运行模型。多次评估结果不同的精度和损失值 tensorflow 2

数据挖掘 张量流
2021-10-09 21:15:52

我已经训练了一个dataset = tf.data.Dataset.from_tensor_slices((data, label))用于创建数据集的 CNN 网络。训练进行得很顺利,但是在测试数据集上评估模型每次都会产生不同的值,而不会更改测试数据集或网络中的任何内容,而且我没有使用任何DropoutBatchnormalization

如有必要,我的代码:

 model = tf.keras.Sequential([
    Input((1,30,30)),
    Conv2D(filters = 8, kernel_size=(3,3), padding="same", activation="relu", name="c1", data_format="channels_first"),
    Conv2D(filters = 16, kernel_size=(3,3), padding="same", activation="relu", name="c2", data_format="channels_first"),
    MaxPool2D(pool_size=(2,2), strides=(1,1),padding="same", name="m1", data_format="channels_first"),

    Conv2D(filters = 16, kernel_size=(3,3), padding="same", activation="relu", name="c3", data_format="channels_first"),
    MaxPool2D(pool_size=(2,2), strides=(1,1),padding="same", name="m2",data_format="channels_first"),

    Flatten(),
    Dense(256, activation="relu", use_bias=True),
    Dense(5,  use_bias=True)])

model.compile(optimizer=tf.keras.optimizers.Adam(learning_rate=0.001),
              loss=tf.keras.losses.SparseCategoricalCrossentropy(from_logits=True), metrics=["accuracy"])
model.fit(train_data, verbose=1, validation_data=valid_data, epochs=20)


model.evaluate(test_data)

我是如何制作数据集的:

def split_dataset(dataset: tf.data.Dataset, validation_data_fraction: float):

    validation_data_percent = round(validation_data_fraction * 100)
    if not (0 <= validation_data_percent <= 100):
        raise ValueError("validation data fraction must be ∈ [0,1]")

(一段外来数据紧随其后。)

lemma weighted_sum_insort_desc:
  assumes "sorted_wrt (\<ge>) zs" and "\<forall>i j. i \<le> j \<longrightarrow> j \<le> length zs \<longrightarrow> w j \<le> w i"
  shows "w 0 * a + weighted_sum (\<lambda>k. w (Suc k)) zs \<le> weighted_sum w (insort_key uminus a zs)"
  using assms
proof (induction zs arbitrary: w)
  case Nil
  then show ?case by (simp add: weighted_sum_def)
next
  case (Cons z zs)
  show ?case
  proof (cases "z \<le> a")
    case True
    then show ?thesis by (simp add: weighted_sum_Cons)
  next
    case False
    have "w (Suc 0) * a + weighted_sum (\<lambda>k. w (Suc (Suc k))) zs
        \<le> weighted_sum (\<lambda>k. w (Suc k)) (insort_key uminus a zs)"
      using Cons.IH[of "\<lambda>k. w (Suc k)"] Cons.prems by simp
    moreover have "(w 0 - w (Suc 0)) * (a - z) \<le> 0"
      using Cons.prems(2) False by (intro mult_nonneg_nonpos) auto
    ultimately show ?thesis
      using False by (simp add: weighted_sum_Cons algebra_simps)
  qed
qed

lemma weighted_sum_le_sort_desc:
  assumes "\<forall>i j. i \<le> j \<longrightarrow> j < length xs \<longrightarrow> w j \<le> w i"
  shows "weighted_sum w xs \<le> weighted_sum w (sort_key uminus xs)"
  using assms
proof (induction xs arbitrary: w)
  case Nil
  then show ?case by simp
next
  case (Cons a xs)
  have "weighted_sum (\<lambda>k. w (Suc k)) xs \<le> weighted_sum (\<lambda>k. w (Suc k)) (sort_key uminus xs)"
    using Cons by simp
  moreover have "sorted_wrt (\<ge>) (sort_key uminus xs)"
    using sorted_sort_key[of uminus xs] by (simp add: sorted_map)
  ultimately show ?case
    using weighted_sum_insort_desc[of "sort_key uminus xs" w a] Cons.prems
    by (simp add: weighted_sum_Cons)
qed

lemma sort_key_uminus: "sort_key uminus xs = rev (sort (xs :: real list))"
proof -
  have "sort xs = rev (sort_key uminus xs)"
    using sorted_sort_key[of uminus xs]
    by (intro properties_for_sort) (auto simp: sorted_map sorted_wrt_rev)
  then show ?thesis by simp
qed

lemma abs_sorted_desc_permutation:
  obtains \<sigma> where "\<sigma> permutes {..<p}"
    and "\<And>k. k < p \<Longrightarrow> abs_sorted_desc p x ! k = \<bar>x (\<sigma> k)\<bar>"
    and "\<And>k l. k < l \<Longrightarrow> l < p \<Longrightarrow> \<bar>x (\<sigma> l)\<bar> \<le> \<bar>x (\<sigma> k)\<bar>"
proof -
  let ?xs = "map (\<lambda>k. \<bar>x k\<bar>) [0..<p]"
  have "mset (abs_sorted_desc p x) = mset ?xs"
    by (simp add: abs_sorted_desc_def)
  then obtain \<sigma> where \<sigma>: "\<sigma> permutes {..<p}"
      and perm: "permute_list \<sigma> ?xs = abs_sorted_desc p x"
    using mset_eq_permutation[of "abs_sorted_desc p x" ?xs] by auto
  have nth: "abs_sorted_desc p x ! k = \<bar>x (\<sigma> k)\<bar>" if "k < p" for k
    using perm[symmetric] permute_list_nth[of \<sigma> ?xs k] permutes_in_image[OF \<sigma>] \<sigma> that
    by auto
  have "sorted_wrt (\<ge>) (abs_sorted_desc p x)"
    by (simp add: abs_sorted_desc_def sorted_wrt_rev)
  then have "\<bar>x (\<sigma> l)\<bar> \<le> \<bar>x (\<sigma> k)\<bar>" if "k < l" "l < p" for k l
    using sorted_wrt_nth_less[of "(\<ge>)" "abs_sorted_desc p x" k l] nth that
    by (simp add: abs_sorted_desc_def)
  with \<sigma> nth show thesis by (rule that)
qed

    dataset = dataset.enumerate()
    train_dataset = dataset.filter(lambda f, data: f % 100 >= validation_data_percent)
    validation_dataset = dataset.filter(lambda f, data: f % 100 < validation_data_percent)

    # remove enumeration
    train_dataset = train_dataset.map(lambda f, data: data)
    validation_dataset = validation_dataset.map(lambda f, data: data)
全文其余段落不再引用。